Il n’est pas question ici de faire un cadeau aux producteurs d’électricité d’origine nucléaire. Paul Magnette propose donc de subordonner la prolongation de la durée de vie des trois réacteurs d’une série de conditions. "Il faut des investissements massifs dans les énergies renouvelables et l’efficacité énergétique ainsi que le développement de l’emploi et de la formation professionnelle dans le secteur de l’énergie. Il faut aussi mettre en place un mécanisme structurel pour assurer le prélèvement d’une part significative de la marge nucléaire. Ce mécanisme permettra de calculer la marge et d’évaluer la part contributive au budget de l’Etat. Il est temps de sortir de ce cycle de négociation annuelle avec des taxes", nous a encore confié Paul Magnette.

Le groupe Gemix invite le fédéral à prendre une décision politique d’ici la fin de l’année. Le ministre fédéral de l’Energie entend formuler des propositions à ses collègues du gouvernement. Electrabel et sa maison-mère (GDF Suez) ont accueilli la nouvelle avec prudence et discrétion. GDF Suez a indiqué dans un communiqué avoir pris acte de la position du ministre du Climat et de l’Energie. Il dit être disposé à poursuivre les discussions en cours afin de parvenir un accord global dans les meilleurs délais.

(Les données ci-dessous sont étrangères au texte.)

(* Let $n=2$, let $O_1=\{p\in M: v_1(p)\ge v_2(p)\}$, $O_2=\{q\in M: v_1(q)<v_2(q)\}$, and assume that in the allocation $(O_1,O_2)$ agent 2 strongly envies agent 1. Let $\mathrm{OPT}$ be the maximum social welfare $v_1(A_1)+v_2(A_2)$ over all EF1 allocations $(A_1,A_2)$, and let $\mathrm{OPT}(C_2)$ be the maximum social welfare over all allocations in which agent 2 does not strongly envy agent 1. Then $\mathrm{OPT}=\mathrm{OPT}(C_2)$.
   Context: Two agents with additive valuations $v_1,v_2:2^M\to\mathbb{R}_{\ge0}$ over items $M=[m]$; an allocation $(A_1,A_2)$ is a partition of $M$. Agent $i$ strongly envies agent $j$ if $A_j\ne\emptyset$ and $v_i(A_i)<v_i(A_j\setminus\{g\})$ for every $g\in A_j$. An allocation is EF1 if neither agent strongly envies the other (an agent never strongly envies an empty bundle). *)

theory Defs
  imports Complex_Main
begin

text \<open>Additive valuations are given by
  per-item values u1 u2 :: 'a => real (nonnegative); the value of a bundle S
  is sum u S.\<close>

definition strongly_envies :: "('a \<Rightarrow> real) \<Rightarrow> 'a set \<Rightarrow> 'a set \<Rightarrow> bool" where
  "strongly_envies u Ai Aj \<longleftrightarrow> Aj \<noteq> {} \<and> (\<forall>g\<in>Aj. sum u Ai < sum u (Aj - {g}))"

definition allocations :: "'a set \<Rightarrow> ('a set \<times> 'a set) set" where
  "allocations M = {(A1, A2). A1 \<union> A2 = M \<and> A1 \<inter> A2 = {}}"

definition EF1 :: "('a \<Rightarrow> real) \<Rightarrow> ('a \<Rightarrow> real) \<Rightarrow> 'a set \<times> 'a set \<Rightarrow> bool" where
  "EF1 u1 u2 A \<longleftrightarrow> \<not> strongly_envies u1 (fst A) (snd A) \<and> \<not> strongly_envies u2 (snd A) (fst A)"

definition welfare :: "('a \<Rightarrow> real) \<Rightarrow> ('a \<Rightarrow> real) \<Rightarrow> 'a set \<times> 'a set \<Rightarrow> real" where
  "welfare u1 u2 A = sum u1 (fst A) + sum u2 (snd A)"

definition OPT :: "'a set \<Rightarrow> ('a \<Rightarrow> real) \<Rightarrow> ('a \<Rightarrow> real) \<Rightarrow> real" where
  "OPT M u1 u2 = Max (welfare u1 u2 ` {A \<in> allocations M. EF1 u1 u2 A})"

definition OPT_C2 :: "'a set \<Rightarrow> ('a \<Rightarrow> real) \<Rightarrow> ('a \<Rightarrow> real) \<Rightarrow> real" where
  "OPT_C2 M u1 u2 = Max (welfare u1 u2 ` {A \<in> allocations M. \<not> strongly_envies u2 (snd A) (fst A)})"

end

theory Submission
  imports Defs
begin

text \<open>Among the allocations in which agent 2 does not strongly envy agent 1, take one of
  maximum welfare and, among those, one giving agent 1 as many items as possible; it is EF1.
  Otherwise agent 1 strongly envies agent 2. Agent 2's bundle then contains an item g with
  v1 g \<ge> v2 g, for else the allocation would be sandwiched between (O1, O2) and agent 2 would
  strongly envy agent 1 exactly as in (O1, O2). Moving g to agent 1 does not lower welfare,
  so by the maximality of agent 1's bundle agent 2 must strongly envy after the move; but
  then swapping the two original bundles gives an allocation of strictly larger welfare in
  which agent 2 does not strongly envy, a contradiction.\<close>

lemma strongly_envies_mono:
  fixes u :: "'a \<Rightarrow> real"
  assumes envy: "strongly_envies u Ai Aj"
    and "Ai' \<subseteq> Ai" "Aj \<subseteq> Aj'" "finite Ai" "finite Aj'"
    and nonneg: "\<forall>x\<in>Ai \<union> Aj'. u x \<ge> 0"
  shows "strongly_envies u Ai' Aj'"
  unfolding strongly_envies_def
proof (intro conjI ballI)
  from envy obtain g0 where "g0 \<in> Aj" and less: "\<forall>h\<in>Aj. sum u Ai < sum u (Aj - {h})"
    unfolding strongly_envies_def by auto
  then show "Aj' \<noteq> {}" using \<open>Aj \<subseteq> Aj'\<close> by auto
  fix g assume "g \<in> Aj'"
  obtain h where "h \<in> Aj" and "Aj - {h} \<subseteq> Aj' - {g}"
    using \<open>g0 \<in> Aj\<close> \<open>Aj \<subseteq> Aj'\<close> by (cases "g \<in> Aj") auto
  have "sum u Ai' \<le> sum u Ai"
    using assms by (intro sum_mono2) auto
  also have "\<dots> < sum u (Aj - {h})"
    using less \<open>h \<in> Aj\<close> by blast
  also have "\<dots> \<le> sum u (Aj' - {g})"
    using \<open>Aj - {h} \<subseteq> Aj' - {g}\<close> assms by (intro sum_mono2) auto
  finally show "sum u Ai' < sum u (Aj' - {g})" .
qed

lemma finite_allocations:
  assumes "finite M"
  shows "finite (allocations M)"
proof (rule finite_subset)
  show "allocations M \<subseteq> Pow M \<times> Pow M"
    unfolding allocations_def by auto
qed (use assms in auto)

lemma ex_item_valued_more_by_agent1:
  fixes v1 v2 :: "'a \<Rightarrow> real"
  assumes "finite M" and nonneg2: "\<forall>p\<in>M. v2 p \<ge> 0"
    and envy: "strongly_envies v2 {q\<in>M. v1 q < v2 q} {p\<in>M. v1 p \<ge> v2 p}"
    and A: "(A1, A2) \<in> allocations M" "\<not> strongly_envies v2 A2 A1"
  shows "\<exists>g\<in>A2. v1 g \<ge> v2 g"
proof (rule ccontr)
  assume "\<not> (\<exists>g\<in>A2. v1 g \<ge> v2 g)"
  then have "A2 \<subseteq> {q\<in>M. v1 q < v2 q}" "{p\<in>M. v1 p \<ge> v2 p} \<subseteq> A1"
    using A unfolding allocations_def by auto
  then have "strongly_envies v2 A2 A1"
    using A \<open>finite M\<close> nonneg2 unfolding allocations_def
    by (intro strongly_envies_mono[OF envy]) auto
  with A show False by simp
qed

lemma welfare_move_item:
  assumes "finite A1" "finite A2" "g \<in> A2" "g \<notin> A1"
  shows "welfare v1 v2 (insert g A1, A2 - {g}) = welfare v1 v2 (A1, A2) + v1 g - v2 g"
  using assms by (simp add: welfare_def sum_diff1)

lemma swap_improves_if_move_creates_envy:
  fixes v1 v2 :: "'a \<Rightarrow> real"
  assumes "finite A2" "g \<in> A2" "g \<notin> A1" "v1 g \<ge> v2 g"
    and envy1: "strongly_envies v1 A1 A2"
    and envy2: "strongly_envies v2 (A2 - {g}) (insert g A1)"
  shows "\<not> strongly_envies v2 A1 A2" "welfare v1 v2 (A1, A2) < welfare v1 v2 (A2, A1)"
proof -
  have "insert g A1 - {g} = A1"
    using \<open>g \<notin> A1\<close> by auto
  then have "sum v2 (A2 - {g}) < sum v2 A1"
    using envy2 unfolding strongly_envies_def by auto
  then show "\<not> strongly_envies v2 A1 A2"
    using \<open>g \<in> A2\<close> unfolding strongly_envies_def by force
  have "sum v1 A1 < sum v1 (A2 - {g})"
    using envy1 \<open>g \<in> A2\<close> unfolding strongly_envies_def by auto
  with \<open>sum v2 (A2 - {g}) < sum v2 A1\<close> assms(1-4)
  show "welfare v1 v2 (A1, A2) < welfare v1 v2 (A2, A1)"
    by (simp add: welfare_def sum_diff1)
qed

lemma EF1_if_lex_maximal:
  fixes v1 v2 :: "'a \<Rightarrow> real"
  assumes "finite M" and nonneg2: "\<forall>p\<in>M. v2 p \<ge> 0"
    and envy: "strongly_envies v2 {q\<in>M. v1 q < v2 q} {p\<in>M. v1 p \<ge> v2 p}"
    and A: "(A1, A2) \<in> allocations M" "\<not> strongly_envies v2 A2 A1"
    and max_welfare: "\<And>B. B \<in> allocations M \<Longrightarrow> \<not> strongly_envies v2 (snd B) (fst B) \<Longrightarrow>
      welfare v1 v2 B \<le> welfare v1 v2 (A1, A2)"
    and max_card: "\<And>B. B \<in> allocations M \<Longrightarrow> \<not> strongly_envies v2 (snd B) (fst B) \<Longrightarrow>
      welfare v1 v2 B = welfare v1 v2 (A1, A2) \<Longrightarrow> card (fst B) \<le> card A1"
  shows "EF1 v1 v2 (A1, A2)"
proof -
  have fin: "finite A1" "finite A2" and part: "A1 \<union> A2 = M" "A1 \<inter> A2 = {}"
    using A \<open>finite M\<close> unfolding allocations_def by auto
  have "\<not> strongly_envies v1 A1 A2"
  proof
    assume envy1: "strongly_envies v1 A1 A2"
    obtain g where g: "g \<in> A2" "v1 g \<ge> v2 g"
      using ex_item_valued_more_by_agent1[OF \<open>finite M\<close> nonneg2 envy A] by blast
    then have "g \<notin> A1"
      using part by auto
    let ?B = "(insert g A1, A2 - {g})"
    have B_alloc: "?B \<in> allocations M"
      using part g unfolding allocations_def by auto
    show False
    proof (cases "strongly_envies v2 (A2 - {g}) (insert g A1)")
      case False
      have "welfare v1 v2 ?B \<ge> welfare v1 v2 (A1, A2)"
        using welfare_move_item[OF fin g(1) \<open>g \<notin> A1\<close>] g(2) by simp
      then have "card (insert g A1) \<le> card A1"
        using max_card[OF B_alloc] max_welfare[OF B_alloc] False by fastforce
      with fin \<open>g \<notin> A1\<close> show False by simp
    next
      case True
      have swap_alloc: "(A2, A1) \<in> allocations M"
        using part unfolding allocations_def by auto
      from swap_improves_if_move_creates_envy[OF fin(2) g(1) \<open>g \<notin> A1\<close> g(2) envy1 True]
        max_welfare[OF swap_alloc]
      show False by fastforce
    qed
  qed
  with A show ?thesis
    unfolding EF1_def by simp
qed

lemma ex_lex_maximizer:
  fixes f :: "'a \<Rightarrow> 'b::linorder" and h :: "'a \<Rightarrow> 'c::linorder"
  assumes "finite S" "S \<noteq> {}"
  obtains x where "x \<in> S" "\<And>y. y \<in> S \<Longrightarrow> f y \<le> f x"
    "\<And>y. y \<in> S \<Longrightarrow> f y = f x \<Longrightarrow> h y \<le> h x"
proof -
  define S' where "S' = {y \<in> S. f y = Max (f ` S)}"
  have "Max (f ` S) \<in> f ` S"
    using assms by (intro Max_in) auto
  then obtain y where "y \<in> S" "f y = Max (f ` S)"
    by (metis imageE)
  then have "finite S'" "S' \<noteq> {}"
    using assms unfolding S'_def by auto
  then have "Max (h ` S') \<in> h ` S'"
    by (intro Max_in) auto
  then obtain x where "x \<in> S'" "h x = Max (h ` S')"
    by (metis imageE)
  show ?thesis
  proof
    show "x \<in> S" "\<And>y. y \<in> S \<Longrightarrow> f y \<le> f x"
      using \<open>x \<in> S'\<close> assms unfolding S'_def by auto
    show "\<And>y. y \<in> S \<Longrightarrow> f y = f x \<Longrightarrow> h y \<le> h x"
      using \<open>x \<in> S'\<close> \<open>h x = Max (h ` S')\<close> \<open>finite S'\<close> unfolding S'_def by auto
  qed
qed

lemma Max_image_eq_if_maximizer_in_subset:
  fixes f :: "'a \<Rightarrow> 'b::linorder"
  assumes "finite T" "S \<subseteq> T" "x \<in> S" "\<And>y. y \<in> T \<Longrightarrow> f y \<le> f x"
  shows "Max (f ` S) = Max (f ` T)"
proof -
  have "Max (f ` S) = f x" "Max (f ` T) = f x"
    using assms by (auto intro!: Max_eqI dest: finite_subset)
  then show ?thesis by simp
qed

theorem lemma1:
  fixes M :: "'a set" and v1 v2 :: "'a \<Rightarrow> real"
  assumes "finite M"
    and "\<forall>p\<in>M. v1 p \<ge> 0" and "\<forall>p\<in>M. v2 p \<ge> 0"
    and "O1 = {p\<in>M. v1 p \<ge> v2 p}" and "O2 = {q\<in>M. v1 q < v2 q}"
    and "strongly_envies v2 O2 O1"
  shows "OPT M v1 v2 = OPT_C2 M v1 v2"
proof -
  define C where "C = {A \<in> allocations M. \<not> strongly_envies v2 (snd A) (fst A)}"
  have "finite C"
    using finite_allocations[OF \<open>finite M\<close>] unfolding C_def by simp
  moreover have "({}, M) \<in> C"
    unfolding C_def allocations_def strongly_envies_def by simp
  ultimately obtain A where "A \<in> C"
    and max_welfare: "\<And>B. B \<in> C \<Longrightarrow> welfare v1 v2 B \<le> welfare v1 v2 A"
    and max_card: "\<And>B. B \<in> C \<Longrightarrow> welfare v1 v2 B = welfare v1 v2 A \<Longrightarrow>
      card (fst B) \<le> card (fst A)"
    using ex_lex_maximizer[where f = "welfare v1 v2" and h = "\<lambda>A. card (fst A)"] by blast
  obtain A1 A2 where A: "A = (A1, A2)"
    by fastforce
  have "EF1 v1 v2 (A1, A2)"
    using assms \<open>A \<in> C\<close> max_welfare max_card unfolding A
    by (intro EF1_if_lex_maximal[of M v2 v1]) (auto simp: C_def)
  then have "Max (welfare v1 v2 ` {A \<in> allocations M. EF1 v1 v2 A}) = Max (welfare v1 v2 ` C)"
    using \<open>finite C\<close> \<open>A \<in> C\<close> max_welfare A
    by (intro Max_image_eq_if_maximizer_in_subset) (auto simp: C_def EF1_def)
  then show ?thesis
    unfolding OPT_def OPT_C2_def C_def .
qed

end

Pour rappel, après avoir imposé une taxe de 250 millions d’euros à Electrabel (une petite partie à charge de SPE) en 2008, le fédéral a réitéré l’opération pour 2009. Le groupe a payé, mais a contesté la mesure devant la cour constitutionnelle. Aujourd’hui, l’objectif, pour les deux parties, est d’arriver à mettre en place des règles claires et précises.

Savoir Plus

Nature & Progrès dénonce la proposition de Paul Magnette

L'asbl Nature & Progrès a vivement réagi à la proposition de Paul Magnette qui souhaite prolonger de dix ans la durée d'exploitation des trois plus anciennes centrales nucléaires belges. Elle parle "d'erreur historique" et demande au gouvernement d'appliquer la loi de sortie du nucléaire, telle qu'adoptée en 2003.

L'association estime que la proposition de Paul Magnette sert à "combler les trous dans le budget de l'Etat laissés par la crise économique et financière".

Nature & Progrès, dont la mission est de renforcer la prise de conscience, la solidarité et l'échange, considère que le citoyen est "perdant" en "payant cette technologie sans avenir".

Dès lors, l'association considère que "la loi de sortie du nucléaire, adoptée par l'Etat Belge en 2003, doit absolument être appliquée comme prévu" et qu'"une politique énergétique digne de ce nom se mène à très long terme".